Collected data entries
= = = = =

lemma fpf_inv_conj:
  assumes f: "f \<in> fpf_inv n" and g: "g permutes {1..n}"
  shows "g \<circ> f \<circ> inv g \<in> fpf_inv n"
proof -
  have "g (f (inv g i)) \<noteq> i" if "i \<in> {1..n}" for i
    using fpf_inv_neq[OF f] permutes_in_image[OF permutes_inv[OF g]] that
    by (metis g permutes_inverses(2))
  moreover have "g (f (inv g (g (f (inv g i))))) = i" for i
    using g fpf_inv_involution[OF f] by (simp add: permutes_inverses)
  moreover have "g \<circ> f \<circ> inv g permutes {1..n}"
    using g fpf_inv_permutes[OF f] by (intro permutes_compose permutes_inv)
  ultimately show ?thesis by (simp add: fpf_inv_def)
qed

lemma perm_length_conj_adjacent:
  assumes w: "w \<in> fpf_inv n" and i: "1 \<le> i" "Suc i \<le> n" and lt: "w i < w (Suc i)"
  shows "perm_length n (transpose i (Suc i) \<circ> w \<circ> transpose i (Suc i)) = perm_length n w + 2"
proof -
  let ?s = "transpose i (Suc i)"
  have ww: "w (w x) = x" for x using fpf_inv_involution[OF w] .
  have "w i \<noteq> i" "w (Suc i) \<noteq> Suc i" using fpf_inv_neq[OF w] i by auto
  then have out: "w i \<notin> {i, Suc i}" "w (Suc i) \<notin> {i, Suc i}"
    using lt ww[of i] ww[of "Suc i"] by auto
  have "perm_length n (w \<circ> ?s) = Suc (perm_length n w)"
    using perm_length_compose_adjacent[OF i lt] .
  moreover have "perm_length n (?s \<circ> (w \<circ> ?s)) = Suc (perm_length n (w \<circ> ?s))"
  proof (rule perm_length_adjacent_compose)
    show "inj_on (w \<circ> ?s) {1..n}"
      using fpf_inv_permutes[OF w] i
      by (intro inj_on_subset[OF permutes_inj] permutes_compose permutes_swap_id) auto
    show "w i \<in> {1..n}" "w (Suc i) \<in> {1..n}" using fpf_inv_in[OF w] i by auto
    show "(w \<circ> ?s) (w i) = i" "(w \<circ> ?s) (w (Suc i)) = Suc i"
      using out ww by auto
  qed (fact lt)
  ultimately show ?thesis by (simp add: o_assoc)
qed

= = = = =

*Task goal*: Your answer should be the exact lines above from the one with "using g fpf_inv_permutes[OF" through the one with "fpf_inv_in[OF w] i by auto", both included, and nothing besides.

*Reply*:
    using g fpf_inv_permutes[OF f] by (intro permutes_compose permutes_inv)
  ultimately show ?thesis by (simp add: fpf_inv_def)
qed

lemma perm_length_conj_adjacent:
  assumes w: "w \<in> fpf_inv n" and i: "1 \<le> i" "Suc i \<le> n" and lt: "w i < w (Suc i)"
  shows "perm_length n (transpose i (Suc i) \<circ> w \<circ> transpose i (Suc i)) = perm_length n w + 2"
proof -
  let ?s = "transpose i (Suc i)"
  have ww: "w (w x) = x" for x using fpf_inv_involution[OF w] .
  have "w i \<noteq> i" "w (Suc i) \<noteq> Suc i" using fpf_inv_neq[OF w] i by auto
  then have out: "w i \<notin> {i, Suc i}" "w (Suc i) \<notin> {i, Suc i}"
    using lt ww[of i] ww[of "Suc i"] by auto
  have "perm_length n (w \<circ> ?s) = Suc (perm_length n w)"
    using perm_length_compose_adjacent[OF i lt] .
  moreover have "perm_length n (?s \<circ> (w \<circ> ?s)) = Suc (perm_length n (w \<circ> ?s))"
  proof (rule perm_length_adjacent_compose)
    show "inj_on (w \<circ> ?s) {1..n}"
      using fpf_inv_permutes[OF w] i
      by (intro inj_on_subset[OF permutes_inj] permutes_compose permutes_swap_id) auto
    show "w i \<in> {1..n}" "w (Suc i) \<in> {1..n}" using fpf_inv_in[OF w] i by auto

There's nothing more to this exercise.